Hacker News new | ask | show | jobs
by Veserv 356 days ago
MMU hardware has a hardware-defined minimum mapping granularity (i.e. page size). On x86-64 this is 4KB. On ARMv8/v9 the specification allows runtime configuration for any of 4KB, 16KB, or 64KB as the minimum mapping granularity on a per-process basis, though the actual chip implementation is free to only support a subset of such configurations and still be conformant.

Implementations may also define certain sizes that are more efficient. On modern x86-64, large pages may allow 2MB, 1GB, 512 GB, etc. (multiples of 512) to be more efficient.

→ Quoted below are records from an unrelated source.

lemma orbit_rowmotion_subset_ideals: "orbit \<rho> I \<subseteq> \<J>"
  by (auto elim: orbit.cases intro: rowmotion_in_ideals)

lemma zero_mesic_iff_orbit_sums:
  "zero_mesic_rowmotion P le f \<longleftrightarrow> (\<forall>I\<in>\<J>. (\<Sum>K\<in>orbit \<rho> I. f K) = 0)"
  unfolding zero_mesic_rowmotion_def
proof (rule ball_cong[OF refl])
  fix I assume "I \<in> \<J>"
  then have I: "I \<in> orbit \<rho> I"
    by (rule self_in_orbit_rowmotion)
  then have "rowmotion_orbit P le I = orbit \<rho> I" and "card (orbit \<rho> I) \<noteq> 0"
    using orbit_altdef_self_in[OF I] finite_orbit[OF I] orbit_nonempty[of \<rho> I]
    by (simp_all add: rowmotion_orbit_def)
  then show "(\<Sum>K\<in>rowmotion_orbit P le I. f K) / real (card (rowmotion_orbit P le I)) = 0
               \<longleftrightarrow> (\<Sum>K\<in>orbit \<rho> I. f K) = 0"
    by simp
qed

lemma indicator_ideal_in_span_T_minus:
  assumes K: "K \<in> \<J>"
  shows "(\<lambda>I. if I = K then 1 else 0) \<in> real_fun.span (T_minus P le ` \<A>)"
proof -
  let ?M = "max_elems le K"
  let ?c = "\<lambda>B. (-1) ^ (card B + card ?M) :: real"
  have "(\<lambda>I. if I = K then 1 else 0) = (\<Sum>B\<in>{B\<in>\<A>. ?M \<subseteq> B}. (\<lambda>I. ?c B * T_minus P le B I))"
  proof
    fix I
    show "(if I = K then 1 else 0) = (\<Sum>B\<in>{B\<in>\<A>. ?M \<subseteq> B}. (\<lambda>I. ?c B * T_minus P le B I)) I"
    proof (cases "I \<in> \<J>")
      case True
      have "finite (max_elems le I)"
        using ideal_subset[OF True] finite_carrier
        by (auto simp: max_elems_def intro: finite_subset)
      have "(\<Sum>B\<in>{B\<in>\<A>. ?M \<subseteq> B}. ?c B * T_minus P le B I)
              = (\<Sum>B\<in>{B\<in>\<A>. ?M \<subseteq> B}. if B \<subseteq> max_elems le I then ?c B else 0)"
        using True by (intro sum.cong) (simp_all add: T_minus_def)
      also have "\<dots> = (\<Sum>B\<in>{B\<in>{B\<in>\<A>. ?M \<subseteq> B}. B \<subseteq> max_elems le I}. ?c B)"
        by (rule sum.inter_filter[symmetric]) (simp add: finite_antichains)
      also have "{B\<in>{B\<in>\<A>. ?M \<subseteq> B}. B \<subseteq> max_elems le I} = {B. B \<subseteq> max_elems le I \<and> ?M \<subseteq> B}"
        using subset_max_elems_antichain[OF ideal_subset[OF True]] by blast
      also have "(\<Sum>B\<in>\<dots>. ?c B)
                   = (-1) ^ card ?M * (\<Sum>B | B \<subseteq> max_elems le I \<and> ?M \<subseteq> B. (-1) ^ card B)"
        by (simp add: sum_distrib_left power_add mult.commute)
      also have "\<dots> = (if ?M = max_elems le I then 1 else 0)"
        by (simp add: sum_supersets_alternating[OF \<open>finite (max_elems le I)\<close>] flip: power_add)
      also have "\<dots> = (if I = K then 1 else 0)"
        using inj_on_max_elems K True by (auto dest: inj_onD)
      finally show ?thesis
        by (simp add: sum_fun_apply)
    next
      case False
      then show ?thesis
        using K by (auto simp: sum_fun_apply T_minus_def)
    qed
  qed
  also have "\<dots> \<in> real_fun.span (T_minus P le ` \<A>)"
    by (intro real_fun.span_sum real_fun.span_scale[OF real_fun.span_base]) auto
  finally show ?thesis .
qed

lemma funs_on_ideals_eq_span_T_minus: "funs_on_ideals P le = real_fun.span (T_minus P le ` \<A>)"
proof
  show "funs_on_ideals P le \<subseteq> real_fun.span (T_minus P le ` \<A>)"
  proof
    fix f assume f: "f \<in> funs_on_ideals P le"
    have "f = (\<Sum>K\<in>\<J>. (\<lambda>I. f K * (if I = K then 1 else 0)))"
      using f finite_ideals
      by (simp add: fun_eq_iff sum_fun_apply funs_on_ideals_def mult.commute[of "f _"]
          if_distrib[of "\<lambda>t. t * _"] cong: if_cong)
    also have "\<dots> \<in> real_fun.span (T_minus P le ` \<A>)"
      by (intro real_fun.span_sum real_fun.span_scale indicator_ideal_in_span_T_minus)
    finally show "f \<in> real_fun.span (T_minus P le ` \<A>)" .
  qed
  show "real_fun.span (T_minus P le ` \<A>) \<subseteq> funs_on_ideals P le"
    by (rule real_fun.span_minimal)
      (auto simp: real_fun.subspace_def funs_on_ideals_def T_minus_def)
qed

lemma rowmotion_coboundary_image:
  "rowmotion_coboundary P le ` funs_on_ideals P le
     = {f \<in> funs_on_ideals P le. zero_mesic_rowmotion P le f}"
proof (intro equalityI subsetI)
  fix f assume "f \<in> rowmotion_coboundary P le ` funs_on_ideals P le"
  then obtain g where f: "f = rowmotion_coboundary P le g"
    by blast
  have "(\<Sum>K\<in>orbit \<rho> I. f K) = 0" if "I \<in> \<J>" for I
  proof -
    have "(\<Sum>K\<in>orbit \<rho> I. f K) = (\<Sum>K\<in>orbit \<rho> I. g (\<rho> K) - g K)"
      using orbit_rowmotion_subset_ideals[of I]
      by (auto simp: f rowmotion_coboundary_def intro!: sum.cong)
    also have "\<dots> = 0"
      using self_in_orbit_rowmotion[OF that] by (rule sum_orbit_coboundary)
    finally show ?thesis .
  qed
  then show "f \<in> {f \<in> funs_on_ideals P le. zero_mesic_rowmotion P le f}"
    by (simp add: zero_mesic_iff_orbit_sums f funs_on_ideals_def rowmotion_coboundary_def)
next
  fix f assume "f \<in> {f \<in> funs_on_ideals P le. zero_mesic_rowmotion P le f}"
  then have f0: "\<And>I. I \<notin> \<J> \<Longrightarrow> f I = 0"
    and orbit_sums: "\<And>I. I \<in> \<J> \<Longrightarrow> (\<Sum>K\<in>orbit \<rho> I. f K) = 0"
    by (auto simp: funs_on_ideals_def zero_mesic_iff_orbit_sums)
  define g where "g I = (if I \<in> \<J> then orbit_potential \<rho> f I else 0)" for I
  have "f = rowmotion_coboundary P le g"
  proof
    fix I
    show "f I = rowmotion_coboundary P le g I"
      using f0 coboundary_orbit_potential[OF self_in_orbit_rowmotion orbit_sums, of I]
        rowmotion_in_ideals[of I]
      by (auto simp: rowmotion_coboundary_def g_def)
  qed
  moreover have "g \<in> funs_on_ideals P le"
    by (simp add: g_def funs_on_ideals_def)
  ultimately show "f \<in> rowmotion_coboundary P le ` funs_on_ideals P le"
    by blast
qed

end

On modern ARMv8/v9 there is similar large page support (the exact details depend on the minimum mapping granularity) and they may also support aligned, contiguous mappings which making other sizes efficient (the exact details are even more complicated than simple large pages and highly optional).

As such, if you want to get just "1 byte", then you create a userspace allocator that asks for memory that conforms to the limits of the MMU and then it is the job of the userspace allocator to abstract that away for you by chopping it up under its own auspices.

1 comments

I suppose having some sort of minimum granularity for the MMU makes a lot of sense, but above that point, why limit the "steps" or the maximum? why not 4KB+2 for example (4098)? For the sake or discussion, let's say I have 128GB ram and 50TB page file, can that work? Why is a fixed-size page more efficient, is it because of offset calculations being simpler arithmetic operations? I figured the TLB is (or can be) a simple (large) table implemented in hardware, the simplicity translating into O(N) complexity. I am suspecting it might have to do with hardware cost?